Vivendi plans to borrow for 18 months, three years and five years, said the people, who declined to be identified because the deal is private. The creator of video-game publisher Activision Blizzard said last week it agreed to buy the 44 percent of shares in SFR it doesn’t already own, gaining full control of the French mobile-phone operator.
Solange Maulini, a spokeswoman for Paris-based Vivendi, declined to comment on details of the financing.
The transaction, which will be “entirely funded from incremental debt and cash,” weighs on Vivendi’s Baa2 rating, Moody’s Investors Service said. The company is ranked BBB by Standard & Poor’s and Fitch Ratings.

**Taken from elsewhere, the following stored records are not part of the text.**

lemma in_Ri_sqrt:
  fixes z :: "'a::real_closed_field alg_closure"
  assumes "in_Ri z" shows "\<exists>w. in_Ri w \<and> w * w = z"
proof -
  obtain a b where z: "z = to_ac a + to_ac b * ac_i" using assms unfolding in_Ri_def by blast
  obtain r where r: "r \<ge> 0" "r * r = a * a + b * b"
    using rcf_sqrt_nonneg[of "a * a + b * b"] by auto
  have ra: "\<bar>a\<bar> \<le> r"
  proof (rule ccontr)
    assume "\<not> \<bar>a\<bar> \<le> r"
    hence "r * r < \<bar>a\<bar> * \<bar>a\<bar>" using r(1) by (intro mult_strict_mono) auto
    thus False using r(2) by (simp add: abs_mult_self_eq)
  qed
  have "0 \<le> (r + a) / 2" "0 \<le> (r - a) / 2" using ra by auto
  then obtain u v0 where u: "u \<ge> 0" "u * u = (r + a) / 2" and v0: "v0 \<ge> 0" "v0 * v0 = (r - a) / 2"
    using rcf_sqrt_nonneg by metis
  have "(2 * u * v0) * (2 * u * v0) = 4 * (u * u) * (v0 * v0)" by (simp add: algebra_simps)
  also have "\<dots> = (r + a) * (r - a)" by (simp add: u v0)
  also have "\<dots> = \<bar>b\<bar> * \<bar>b\<bar>"
    by (simp add: algebra_simps r(2) abs_mult_self_eq)
  finally have "2 * u * v0 = \<bar>b\<bar>"
    using u(1) v0(1)
    by (metis abs_ge_zero mult_nonneg_nonneg zero_le_numeral power2_eq_iff_nonneg power2_eq_square)
  define v where "v = (if b \<ge> 0 then v0 else - v0)"
  have uv: "2 * u * v = b" using \<open>2 * u * v0 = \<bar>b\<bar>\<close> by (auto simp: v_def)
  have vv: "v * v = (r - a) / 2" by (simp add: v_def v0)
  have "(to_ac u + to_ac v * ac_i) * (to_ac u + to_ac v * ac_i) =
        to_ac (u * u - v * v) + to_ac (u * v + v * u) * ac_i"
    by (rule ac_i_mult_formula)
  also have "u * v + v * u = 2 * u * v" by simp
  also have "u * u - v * v = a" by (simp add: u vv field_simps)
  finally show ?thesis using uv z unfolding in_Ri_def by blast
qed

Credit-default swaps linked to Vivendi’s debt rose to 97.5 basis points from 96.3 yesterday, according to CMA in London. Swaps are used to speculate on a company’s ability to repay debt and increase when perceptions of credit quality deteriorate.
Vivendi has 3.2 billion euros of cash and 5.9 billion euros of undrawn credit lines, the company said on April 4. Net debt is forecast for 13.5 billion euros at the end of this year, which won’t compromise its BBB rating, Vivendi said.
A basis point on a credit-default swap protecting 10 million euros of debt for five years is equivalent to 1,000 euros a year. Swaps pay the buyer face value in exchange for the underlying securities or the cash equivalent should a borrower fail to adhere to its debt agreements.